Some incoming officials in the Trump administration have suggested drawing down American troop levels in Europe, which serve as a bulwark against Russia, so Washington can focus its military efforts on defending against China.
Trump’s special envoy to Ukraine, Keith Kellogg, told a panel earlier this month in Munich that the Trump administration was hoping to “force” Mr. Putin to fray his ties with North Korea, Iran and China.
Analysts, however, have expressed skepticism that China and Russia can be driven apart in what is being called a “reverse Nixon,” a reference to President Nixon’s rapprochement with Beijing in 1972 that was aimed at exploiting the worsening relations between China and the Soviet Union.
Unlike 53 years ago, ties between China and Russia today are at a high, with few prospects for domestic political change in either country.
“There’s strategic and geopolitical alignment for this relationship,” said Sergey Radchenko, a professor at the Johns Hopkins School of Advanced International Studies who specializes in Chinese-Russian relations. “They don’t see eye to eye on everything, but I think they both realize they need each other.”
Mr. Radchenko said Beijing was probably feeling uncomfortable with Mr. Trump’s bid to court Mr. Putin, but that it was unlikely that Mr. Putin would see his interests better served by aligning more closely with the United States over China.
“The idea that Putin can be manipulated as some kind of weapon against China, I think that’s naïve on the part of the Trump administration,” he said.
How much China knew about Russia’s plans in the run-up to Mr. Putin’s invasion of Ukraine three years ago remains unclear.
A Western intelligence report issued shortly after the invasion concluded that senior Chinese officials had told senior Russian officials in early February not to invade Ukraine before the end of the Winter Olympics in Beijing. But the intelligence did not necessarily indicate that direct conversations about an invasion had taken place between Mr. Putin and Mr. Xi.

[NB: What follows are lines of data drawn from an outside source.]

lemma influence_blockwise:
  assumes "i < n" and "r < m" and p: "p = card {z \<in> cube m. h z} / 2 ^ m"
  shows "influence (1/2) (m * n) (blockwise m n f h) (i * m + r)
    = influence (1/2) m h r * influence p n f i"
proof -
  let ?g = "blockwise m n f h" and ?j = "i * m + r" and ?Cube = "PiE {..<n} (\<lambda>_. cube m)"
  define w :: "nat \<Rightarrow> (nat \<Rightarrow> bool) \<Rightarrow> real"
    where "w k z = (if k = i then of_bool (h z \<noteq> h (flip z r)) else 1)" for k z
  define weight where "weight x = (\<Prod>k\<in>{..<n} - {i}. if x k then p else 1 - p)" for x
  have switch: "of_bool (?g (join_blocks m n Y) \<noteq> ?g (flip (join_blocks m n Y) ?j))
      = of_bool (pivotal f i (\<lambda>k. k < n \<and> h (Y k))) * (\<Prod>k<n. w k (Y k))" if "Y \<in> ?Cube" for Y
    using assms(1) by (simp only: blockwise_switch_iff[OF that assms(1,2)] of_bool_conj)
      (simp add: w_def)
  have fibre_prod: "(\<Prod>k<n. \<Sum>z\<in>{z \<in> cube m. h z = x k}. w k z)
      = 2 ^ (m * n) / 2 * influence (1/2) m h r * weight x" for x
  proof -
    have "(\<Sum>z\<in>{z \<in> cube m. h z = x i}. w i z) = real (card {z \<in> cube m. h z = x i \<and> h (flip z r) \<noteq> x i})"
      by (simp add: w_def Int_def) (auto intro!: arg_cong[where f = card])
    then have "(\<Sum>z\<in>{z \<in> cube m. h z = x i}. w i z) = 2 ^ m / 2 * influence (1/2) m h r"
      by (simp only: card_level_switch[OF assms(2)])
    moreover have "(\<Sum>z\<in>{z \<in> cube m. h z = x k}. w k z) = 2 ^ m * (if x k then p else 1 - p)"
      if "k \<in> {..<n} - {i}" for k
      using card_cube_level[OF p] that by (simp add: w_def)
    ultimately have "(\<Prod>k<n. \<Sum>z\<in>{z \<in> cube m. h z = x k}. w k z)
        = 2 ^ m * (2 ^ m) ^ (n - 1) / 2 * influence (1/2) m h r * weight x"
      using assms(1) by (simp add: prod.remove[of _ i] prod.distrib weight_def)
    moreover have "m * n = m + m * (n - 1)"
      using assms(1) by (cases n) simp_all
    ultimately show ?thesis
      by (simp add: power_add power_mult)
  qed
  have "(\<Sum>y\<in>cube (m * n). of_bool (?g y \<noteq> ?g (flip y ?j)))
      = (\<Sum>Y\<in>?Cube. of_bool (?g (join_blocks m n Y) \<noteq> ?g (flip (join_blocks m n Y) ?j)) :: real)"
    using assms(2) by (intro sum.reindex_bij_betw[symmetric] bij_betw_join_blocks) simp
  then have "influence (1/2) (m * n) ?g ?j
      = (\<Sum>Y\<in>?Cube. of_bool (pivotal f i (\<lambda>k. k < n \<and> h (Y k))) * (\<Prod>k<n. w k (Y k))) / 2 ^ (m * n)"
    using switch by (simp add: influence_half Int_def)
  also have "\<dots> = (\<Sum>x\<in>cube n. of_bool (pivotal f i x) * (\<Prod>k<n. \<Sum>z\<in>{z \<in> cube m. h z = x k}. w k z))
      / 2 ^ (m * n)"
    by (subst sum_PiE_cube_fibres) simp_all
  also have "\<dots> = 2 ^ (m * n) / 2 * influence (1/2) m h r
      * (\<Sum>x\<in>cube n. of_bool (pivotal f i x) * weight x) / 2 ^ (m * n)"
    unfolding fibre_prod sum_distrib_left by (intro arg_cong[where f = "\<lambda>s. s / _"] sum.cong) simp_all
  also have "\<dots> = influence (1/2) m h r * (1/2 * (\<Sum>x\<in>cube n. of_bool (pivotal f i x) * weight x))"
    by simp
  also have "\<dots> = influence (1/2) m h r * influence p n f i"
    using influence_eq_sum_pivotal[OF assms(1)] by (simp add: weight_def)
  finally show ?thesis .
qed

section \<open>The threshold function of one block\<close>

lemma blockBin_less: "blockBin m y i < 2 ^ m"
proof -
  have "blockBin m y i \<le> (\<Sum>j<m. 2 ^ j)"
    unfolding blockBin_def by (intro sum_mono) auto
  also have "\<dots> < 2 ^ m"
    using sum_power2[of m] by (simp add: atLeast0LessThan)
  finally show ?thesis .
qed

lemma blockBin_of_bits:
  assumes "k < 2 ^ m"
  shows "blockBin m (\<lambda>r. r < m \<and> bit k (m - 1 - r)) 0 = k"
proof -
  have "blockBin m (\<lambda>r. r < m \<and> bit k (m - 1 - r)) 0 = (\<Sum>j<m. of_bool (bit k j) * 2 ^ j)"
    unfolding blockBin_def by (intro sum.cong) auto
  also have "\<dots> = take_bit m k"
    by (simp flip: horner_sum_bit_eq_take_bit add: horner_sum_eq_sum atLeast0LessThan)
  finally show ?thesis
    using assms by (simp add: take_bit_nat_eq_self_iff)
qed

lemma bij_betw_blockBin: "bij_betw (\<lambda>z. blockBin m z 0) (cube m) {..<2 ^ m}"
proof -
  have image: "(\<lambda>z. blockBin m z 0) ` cube m = {..<2 ^ m}"
  proof (intro equalityI subsetI)
    fix k assume "k \<in> {..<(2::nat) ^ m}"
    define z where "z = (\<lambda>r. r < m \<and> bit k (m - 1 - r))"
    have "k = blockBin m z 0"
      unfolding z_def using \<open>k \<in> {..<2 ^ m}\<close> by (simp only: lessThan_iff blockBin_of_bits)
    moreover have "z \<in> cube m"
      by (simp add: z_def cube_def)
    ultimately show "k \<in> (\<lambda>z. blockBin m z 0) ` cube m" by (rule image_eqI)
  qed (auto simp: blockBin_less)
  then have "inj_on (\<lambda>z. blockBin m z 0) (cube m)"
    by (simp add: inj_on_iff_eq_card card_cube)
  with image show ?thesis by (simp add: bij_betw_def)
qed

lemma blockBin_flip:
  assumes "r < m"
  shows "blockBin m (flip z r) 0 + of_bool (z r) * 2 ^ (m - 1 - r)
       = blockBin m z 0 + of_bool (\<not> z r) * 2 ^ (m - 1 - r)"
proof -
  let ?rest = "\<lambda>w. \<Sum>j\<in>{..<m} - {m - 1 - r}. (2::nat) ^ j * (if w (m - 1 - j) then 1 else 0)"
  have split: "blockBin m w 0 = ?rest w + of_bool (w r) * 2 ^ (m - 1 - r)" for w
    unfolding blockBin_def using assms by (subst sum.remove[of _ "m - 1 - r"]) auto
  have "?rest (flip z r) = ?rest z"
    using assms by (intro sum.cong) (auto simp: flip_def)
  then show ?thesis
    using split[of z] split[of "flip z r"] by (simp add: flip_def)
qed

lemma card_blockBin_Collect:
  "card {z \<in> cube m. P (blockBin m z 0)} = card {k. k < 2 ^ m \<and> P k}"
proof -
  have "bij_betw (\<lambda>z. blockBin m z 0) {z \<in> cube m. P (blockBin m z 0)} {k. k < 2 ^ m \<and> P k}"
    using bij_betw_blockBin[of m] unfolding bij_betw_def inj_on_def by auto
  then show ?thesis by (rule bij_betw_same_card)
qed

lemma card_hred_block:
  assumes "t \<le> 2 ^ m"
  shows "card {z \<in> cube m. hred m t z 0} = t"
proof -
  have "{k. k < 2 ^ m \<and> 2 ^ m - t \<le> k} = {2 ^ m - t..<2 ^ m}" by auto
  then show ?thesis
    using assms card_blockBin_Collect[of m "\<lambda>k. 2 ^ m - t \<le> k"] by (simp add: hred_def)
qed

lemma card_hred_block_switch:
  assumes "r < m" and "t \<le> 2 ^ m"
  shows "card {z \<in> cube m. hred m t z 0 \<and> \<not> hred m t (flip z r) 0} \<le> min t (2 ^ (m - 1 - r))"
proof -
  let ?S = "{z \<in> cube m. hred m t z 0 \<and> \<not> hred m t (flip z r) 0}"
  have "card ?S \<le> card {z \<in> cube m. hred m t z 0}"
    by (rule card_mono) auto
  then have "card ?S \<le> t"
    using card_hred_block[OF assms(2)] by simp
  \<comment> \<open>flipping bit \<open>r\<close> changes \<open>Bin\<close> by \<open>2^(m-1-r)\<close>, so a downward crossing of the
      threshold starts in this window\<close>
  let ?I = "{2 ^ m - t..<2 ^ m - t + 2 ^ (m - 1 - r)}"
  have "?S \<subseteq> {z \<in> cube m. blockBin m z 0 \<in> ?I}"
  proof
    fix z assume "z \<in> ?S"
    then have "2 ^ m - t \<le> blockBin m z 0" "blockBin m (flip z r) 0 < 2 ^ m - t" "z \<in> cube m"
      by (auto simp: hred_def)
    with blockBin_flip[OF assms(1), of z] show "z \<in> {z \<in> cube m. blockBin m z 0 \<in> ?I}"
      by (cases "z r") auto
  qed
  then have "card ?S \<le> card {z \<in> cube m. blockBin m z 0 \<in> ?I}"
    by (intro card_mono) auto
  also have "\<dots> = card {k. k < 2 ^ m \<and> k \<in> ?I}"
    by (rule card_blockBin_Collect)
  also have "\<dots> \<le> card ?I"
    by (intro card_mono) auto
  finally show ?thesis
    using \<open>card ?S \<le> t\<close> by simp
qed

lemma influence_hred_block_le:
  assumes "r < m" and "t \<le> 2 ^ m"
  shows "influence (1/2) m (\<lambda>z. hred m t z 0) r \<le> 2 * real (min t (2 ^ (m - 1 - r))) / 2 ^ m"
proof -
  have "card {z \<in> cube m. hred m t z 0 \<noteq> hred m t (flip z r) 0}
      = 2 * card {z \<in> cube m. hred m t z 0 \<and> \<not> hred m t (flip z r) 0}"
    using card_switch_eq_twice[OF assms(1), of "\<lambda>z. hred m t z 0" True] by simp
  also have "\<dots> \<le> 2 * min t (2 ^ (m - 1 - r))"
    using card_hred_block_switch[OF assms] by simp
  finally have "real (card {z \<in> cube m. hred m t z 0 \<noteq> hred m t (flip z r) 0})
      \<le> 2 * real (min t (2 ^ (m - 1 - r)))"
    by (simp only: of_nat_le_iff of_nat_mult of_nat_numeral)
  then show ?thesis
    unfolding influence_half by (intro divide_right_mono) auto
qed

lemma exists_power2_between:
  fixes t :: nat
  assumes "1 \<le> t"
  shows "\<exists>k. t \<le> 2 ^ k \<and> 2 ^ k < 2 * t"
proof -
  define k where "k = (LEAST k. t \<le> (2::nat) ^ k)"
  have "t \<le> 2 ^ k"
    unfolding k_def by (rule LeastI[of _ t]) (rule less_imp_le, rule less_exp)
  moreover have "2 ^ k < 2 * t"
  proof (cases k)
    case (Suc j)
    then have "\<not> t \<le> 2 ^ j"
      using not_less_Least[of j "\<lambda>k. t \<le> 2 ^ k"] by (simp add: k_def)
    with Suc show ?thesis by simp
  qed (use assms in simp)
  ultimately show ?thesis by blast
qed

lemma sum_min_power2_squares_le:
  fixes t k m :: nat
  assumes "k \<le> m" and "2 ^ k \<le> 2 * t"
  shows "3 * (\<Sum>j<m. (min t (2 ^ j))\<^sup>2) \<le> (4 + 3 * (m - k)) * t\<^sup>2"
proof -
  have geometric: "3 * (\<Sum>j<k. (4::nat) ^ j) + 1 = 4 ^ k"
    by (induction k) auto
  have four: "(4::nat) ^ j = (2 ^ j)\<^sup>2" for j
    by (induction j) (auto simp: power2_eq_square)
  have "(\<Sum>j<k. (min t (2 ^ j))\<^sup>2) \<le> (\<Sum>j<k. 4 ^ j)"
    unfolding four by (intro sum_mono power_mono) auto
  moreover have "(4::nat) ^ k \<le> (2 * t)\<^sup>2"
    unfolding four using assms(2) by (rule power_mono) simp
  ultimately have "3 * (\<Sum>j<k. (min t (2 ^ j))\<^sup>2) \<le> 4 * t\<^sup>2"
    using geometric by (simp add: power_mult_distrib)
  moreover have "(\<Sum>j\<in>{k..<m}. (min t (2 ^ j))\<^sup>2) \<le> (m - k) * t\<^sup>2"
    using sum_mono[of "{k..<m}" "\<lambda>j. (min t (2 ^ j))\<^sup>2" "\<lambda>_. t\<^sup>2"] by (simp add: power_mono)
  moreover have "(\<Sum>j<m. (min t (2 ^ j))\<^sup>2) = (\<Sum>j<k. (min t (2 ^ j))\<^sup>2) + (\<Sum>j\<in>{k..<m}. (min t (2 ^ j))\<^sup>2)"
    using assms(1) by (metis atLeast0LessThan sum.atLeastLessThan_concat zero_le)
  ultimately show ?thesis
    by (simp add: algebra_simps)
qed

lemma floor_log_inverse_ge:
  assumes "1 \<le> t" and "t \<le> 2 ^ k" and "k \<le> m" and "p = real t / 2 ^ m"
  shows "real (m - k) \<le> real_of_int \<lfloor>log 2 (1 / p)\<rfloor>"
proof -
  have "log 2 (1 / p) = real m - log 2 (real t)"
    using assms(1,4) by (simp add: log_divide log_nat_power)
  moreover have "log 2 (real t) \<le> log 2 (2 ^ k)"
    using assms(1,2) by (subst log_le_cancel_iff) simp_all
  ultimately have "real (m - k) \<le> log 2 (1 / p)"
    using assms(3) by simp
  then have "int (m - k) \<le> \<lfloor>log 2 (1 / p)\<rfloor>"
    by (simp add: le_floor_iff)
  then show ?thesis
    by linarith
qed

China has denied any prior knowledge of the invasion, and Beijing didn’t evacuate its embassy or citizens from Ukraine in the days before the start of the war.
“Assertions that China knew about, acquiesced to or tacitly supported this war are purely disinformation,” Qin Gang, the Chinese ambassador to the United States at the time, wrote in a March 2022 article in The Washington Post.
Mr. Xi is set to visit Moscow in May to attend the commemorations of the Soviet victory over Nazi Germany in World War II, according to Russian state media. Mr. Putin has also invited Mr. Trump.
The call on Monday between the Chinese and Russian leaders came as the Kremlin tries to keep its partner nations on its side, while pursuing a warming of relations with the United States, a country Mr. Putin has long derided as an irresponsible global superpower.
“The president last week spoke about his desire to inform a series of government partners about the contacts with the Americans,” the Kremlin’s spokesman, Dmitri S. Peskov, said in a call with reporters on Monday. “In line with those intentions, that process started today.”
The Kremlin added in a statement that Mr. Putin had informed Mr. Xi during their call about “recent Russian-American contacts.” It also said China had “expressed support for the dialogue between Russia and the United States that has begun, as well as readiness to contribute to the search for a peaceful settlement of the Ukrainian conflict.”
Mr. Putin also spoke with the leader of Tajikistan on Monday, and the Russian foreign minister, Sergei V. Lavrov, met with President Reycep Tayyip Erdogan of Turkey.
In the comments published by Chinese state media, Mr. Xi said he was “pleased” that Russia had started negotiations with “other parties” to end the “Ukrainian crisis.”
China has yet to describe Russia’s invasion of Ukraine as a “war.”
Amy Chang Chien contributed research.